__Exercise prompt__.
Only the lines from the start of the entries through the line with "(\<forall>x\<in>S. wconv (\<lambda>n." are wanted; please output them exactly.

Extracted records:
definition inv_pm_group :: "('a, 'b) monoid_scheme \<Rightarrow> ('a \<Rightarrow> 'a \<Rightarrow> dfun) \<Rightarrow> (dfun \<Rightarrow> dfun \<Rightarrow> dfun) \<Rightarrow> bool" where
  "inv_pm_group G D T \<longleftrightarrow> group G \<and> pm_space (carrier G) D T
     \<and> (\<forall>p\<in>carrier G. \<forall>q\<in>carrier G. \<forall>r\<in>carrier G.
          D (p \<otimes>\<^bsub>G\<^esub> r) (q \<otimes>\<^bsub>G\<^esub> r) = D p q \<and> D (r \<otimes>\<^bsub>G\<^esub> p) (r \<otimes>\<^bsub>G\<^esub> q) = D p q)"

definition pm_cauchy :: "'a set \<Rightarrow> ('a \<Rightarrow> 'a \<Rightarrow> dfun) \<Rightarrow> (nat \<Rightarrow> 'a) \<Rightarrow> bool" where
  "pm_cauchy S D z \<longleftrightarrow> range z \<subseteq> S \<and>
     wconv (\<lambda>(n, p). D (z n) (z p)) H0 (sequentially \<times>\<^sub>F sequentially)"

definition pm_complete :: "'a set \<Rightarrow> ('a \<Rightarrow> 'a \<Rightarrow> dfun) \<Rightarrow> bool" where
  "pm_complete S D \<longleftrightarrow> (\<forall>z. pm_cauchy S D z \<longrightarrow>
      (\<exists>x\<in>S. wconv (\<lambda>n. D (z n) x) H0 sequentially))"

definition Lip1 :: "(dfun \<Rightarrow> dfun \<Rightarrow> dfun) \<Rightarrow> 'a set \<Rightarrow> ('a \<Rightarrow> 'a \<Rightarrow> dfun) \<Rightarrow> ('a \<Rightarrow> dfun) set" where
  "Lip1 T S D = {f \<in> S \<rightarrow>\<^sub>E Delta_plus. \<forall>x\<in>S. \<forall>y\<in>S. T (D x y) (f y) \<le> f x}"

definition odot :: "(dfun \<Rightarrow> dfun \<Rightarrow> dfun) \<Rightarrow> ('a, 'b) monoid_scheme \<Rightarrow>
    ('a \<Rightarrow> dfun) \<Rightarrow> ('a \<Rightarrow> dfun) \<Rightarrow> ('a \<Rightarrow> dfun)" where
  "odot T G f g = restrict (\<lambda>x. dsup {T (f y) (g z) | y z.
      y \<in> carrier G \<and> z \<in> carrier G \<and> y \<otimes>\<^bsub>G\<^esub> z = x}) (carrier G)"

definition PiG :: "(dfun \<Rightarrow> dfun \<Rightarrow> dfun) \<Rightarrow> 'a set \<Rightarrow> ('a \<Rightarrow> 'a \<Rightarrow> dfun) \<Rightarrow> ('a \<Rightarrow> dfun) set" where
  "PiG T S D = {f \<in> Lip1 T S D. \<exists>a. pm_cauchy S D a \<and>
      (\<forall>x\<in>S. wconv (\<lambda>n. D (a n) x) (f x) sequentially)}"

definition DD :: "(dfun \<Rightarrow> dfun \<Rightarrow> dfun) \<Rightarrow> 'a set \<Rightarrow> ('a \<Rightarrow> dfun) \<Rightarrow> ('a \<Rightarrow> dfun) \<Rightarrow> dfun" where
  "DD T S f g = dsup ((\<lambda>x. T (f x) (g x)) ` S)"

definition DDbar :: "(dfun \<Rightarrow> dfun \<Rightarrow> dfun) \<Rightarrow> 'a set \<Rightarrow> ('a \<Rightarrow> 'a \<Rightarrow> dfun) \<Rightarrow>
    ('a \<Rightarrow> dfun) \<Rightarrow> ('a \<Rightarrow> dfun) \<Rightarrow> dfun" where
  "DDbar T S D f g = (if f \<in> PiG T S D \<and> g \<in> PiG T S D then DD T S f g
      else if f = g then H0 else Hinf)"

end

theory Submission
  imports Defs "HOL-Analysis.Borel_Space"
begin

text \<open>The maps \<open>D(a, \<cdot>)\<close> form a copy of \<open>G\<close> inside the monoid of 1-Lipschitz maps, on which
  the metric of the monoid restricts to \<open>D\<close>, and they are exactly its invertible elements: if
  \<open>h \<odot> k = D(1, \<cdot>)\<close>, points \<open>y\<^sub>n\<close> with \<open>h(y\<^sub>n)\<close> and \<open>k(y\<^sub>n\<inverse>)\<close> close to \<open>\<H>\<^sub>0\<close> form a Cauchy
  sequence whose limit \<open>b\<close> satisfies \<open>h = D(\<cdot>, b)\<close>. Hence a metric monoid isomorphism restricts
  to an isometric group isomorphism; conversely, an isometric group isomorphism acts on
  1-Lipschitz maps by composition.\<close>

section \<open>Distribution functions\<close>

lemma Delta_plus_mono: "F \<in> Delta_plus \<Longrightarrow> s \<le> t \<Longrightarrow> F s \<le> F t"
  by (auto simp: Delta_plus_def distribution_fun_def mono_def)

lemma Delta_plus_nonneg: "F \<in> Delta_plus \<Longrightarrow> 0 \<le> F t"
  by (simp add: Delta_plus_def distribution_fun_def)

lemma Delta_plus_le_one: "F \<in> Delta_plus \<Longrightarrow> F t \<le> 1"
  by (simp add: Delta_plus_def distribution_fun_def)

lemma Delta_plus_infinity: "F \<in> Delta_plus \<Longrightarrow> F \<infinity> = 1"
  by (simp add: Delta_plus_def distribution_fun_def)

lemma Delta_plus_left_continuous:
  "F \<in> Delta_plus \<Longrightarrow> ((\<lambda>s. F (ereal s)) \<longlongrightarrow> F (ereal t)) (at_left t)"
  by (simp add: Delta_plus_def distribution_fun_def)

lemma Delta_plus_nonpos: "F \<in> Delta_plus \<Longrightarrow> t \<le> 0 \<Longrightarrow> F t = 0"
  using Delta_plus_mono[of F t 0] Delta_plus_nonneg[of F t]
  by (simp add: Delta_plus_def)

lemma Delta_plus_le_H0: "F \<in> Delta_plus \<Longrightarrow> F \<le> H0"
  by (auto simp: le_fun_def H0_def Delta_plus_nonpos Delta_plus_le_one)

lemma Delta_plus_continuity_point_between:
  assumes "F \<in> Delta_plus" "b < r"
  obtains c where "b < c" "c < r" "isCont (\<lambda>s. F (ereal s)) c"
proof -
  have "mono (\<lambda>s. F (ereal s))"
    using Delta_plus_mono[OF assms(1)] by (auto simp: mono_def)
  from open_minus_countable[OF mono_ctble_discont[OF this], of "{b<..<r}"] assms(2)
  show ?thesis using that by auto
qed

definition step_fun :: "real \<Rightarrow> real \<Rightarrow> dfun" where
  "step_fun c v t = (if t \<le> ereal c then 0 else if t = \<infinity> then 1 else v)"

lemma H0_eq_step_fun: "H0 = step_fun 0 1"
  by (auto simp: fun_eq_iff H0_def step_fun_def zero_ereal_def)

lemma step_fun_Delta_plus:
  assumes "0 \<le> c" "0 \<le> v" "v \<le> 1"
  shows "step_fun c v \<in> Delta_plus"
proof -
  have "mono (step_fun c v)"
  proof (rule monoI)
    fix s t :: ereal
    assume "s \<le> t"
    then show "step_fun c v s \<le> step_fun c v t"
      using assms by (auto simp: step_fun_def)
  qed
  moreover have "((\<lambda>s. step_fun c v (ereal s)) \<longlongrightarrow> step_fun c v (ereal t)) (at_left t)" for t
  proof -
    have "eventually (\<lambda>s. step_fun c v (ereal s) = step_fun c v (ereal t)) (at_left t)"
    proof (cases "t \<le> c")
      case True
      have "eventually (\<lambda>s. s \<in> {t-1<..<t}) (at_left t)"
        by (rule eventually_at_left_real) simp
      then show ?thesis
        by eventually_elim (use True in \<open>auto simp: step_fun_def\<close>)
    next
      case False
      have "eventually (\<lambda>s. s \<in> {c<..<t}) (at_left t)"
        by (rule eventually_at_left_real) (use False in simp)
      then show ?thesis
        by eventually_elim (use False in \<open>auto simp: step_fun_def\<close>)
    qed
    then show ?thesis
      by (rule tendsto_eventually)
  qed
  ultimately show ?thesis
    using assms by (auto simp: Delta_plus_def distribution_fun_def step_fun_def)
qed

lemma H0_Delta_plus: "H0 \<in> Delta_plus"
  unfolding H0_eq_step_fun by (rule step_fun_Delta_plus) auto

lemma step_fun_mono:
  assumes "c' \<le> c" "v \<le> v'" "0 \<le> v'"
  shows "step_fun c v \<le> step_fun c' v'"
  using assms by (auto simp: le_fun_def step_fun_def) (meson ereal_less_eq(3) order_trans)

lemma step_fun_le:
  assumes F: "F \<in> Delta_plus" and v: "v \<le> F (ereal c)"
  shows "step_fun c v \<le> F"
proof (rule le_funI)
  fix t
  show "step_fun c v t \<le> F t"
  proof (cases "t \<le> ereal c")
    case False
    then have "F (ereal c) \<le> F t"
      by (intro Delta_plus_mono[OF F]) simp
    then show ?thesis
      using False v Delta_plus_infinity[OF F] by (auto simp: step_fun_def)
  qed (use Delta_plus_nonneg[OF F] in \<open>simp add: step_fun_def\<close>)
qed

__Exercise solution__.
definition inv_pm_group :: "('a, 'b) monoid_scheme \<Rightarrow> ('a \<Rightarrow> 'a \<Rightarrow> dfun) \<Rightarrow> (dfun \<Rightarrow> dfun \<Rightarrow> dfun) \<Rightarrow> bool" where
  "inv_pm_group G D T \<longleftrightarrow> group G \<and> pm_space (carrier G) D T
     \<and> (\<forall>p\<in>carrier G. \<forall>q\<in>carrier G. \<forall>r\<in>carrier G.
          D (p \<otimes>\<^bsub>G\<^esub> r) (q \<otimes>\<^bsub>G\<^esub> r) = D p q \<and> D (r \<otimes>\<^bsub>G\<^esub> p) (r \<otimes>\<^bsub>G\<^esub> q) = D p q)"

definition pm_cauchy :: "'a set \<Rightarrow> ('a \<Rightarrow> 'a \<Rightarrow> dfun) \<Rightarrow> (nat \<Rightarrow> 'a) \<Rightarrow> bool" where
  "pm_cauchy S D z \<longleftrightarrow> range z \<subseteq> S \<and>
     wconv (\<lambda>(n, p). D (z n) (z p)) H0 (sequentially \<times>\<^sub>F sequentially)"

definition pm_complete :: "'a set \<Rightarrow> ('a \<Rightarrow> 'a \<Rightarrow> dfun) \<Rightarrow> bool" where
  "pm_complete S D \<longleftrightarrow> (\<forall>z. pm_cauchy S D z \<longrightarrow>
      (\<exists>x\<in>S. wconv (\<lambda>n. D (z n) x) H0 sequentially))"

definition Lip1 :: "(dfun \<Rightarrow> dfun \<Rightarrow> dfun) \<Rightarrow> 'a set \<Rightarrow> ('a \<Rightarrow> 'a \<Rightarrow> dfun) \<Rightarrow> ('a \<Rightarrow> dfun) set" where
  "Lip1 T S D = {f \<in> S \<rightarrow>\<^sub>E Delta_plus. \<forall>x\<in>S. \<forall>y\<in>S. T (D x y) (f y) \<le> f x}"

definition odot :: "(dfun \<Rightarrow> dfun \<Rightarrow> dfun) \<Rightarrow> ('a, 'b) monoid_scheme \<Rightarrow>
    ('a \<Rightarrow> dfun) \<Rightarrow> ('a \<Rightarrow> dfun) \<Rightarrow> ('a \<Rightarrow> dfun)" where
  "odot T G f g = restrict (\<lambda>x. dsup {T (f y) (g z) | y z.
      y \<in> carrier G \<and> z \<in> carrier G \<and> y \<otimes>\<^bsub>G\<^esub> z = x}) (carrier G)"

definition PiG :: "(dfun \<Rightarrow> dfun \<Rightarrow> dfun) \<Rightarrow> 'a set \<Rightarrow> ('a \<Rightarrow> 'a \<Rightarrow> dfun) \<Rightarrow> ('a \<Rightarrow> dfun) set" where
  "PiG T S D = {f \<in> Lip1 T S D. \<exists>a. pm_cauchy S D a \<and>
      (\<forall>x\<in>S. wconv (\<lambda>n. D (a n) x) (f x) sequentially)}"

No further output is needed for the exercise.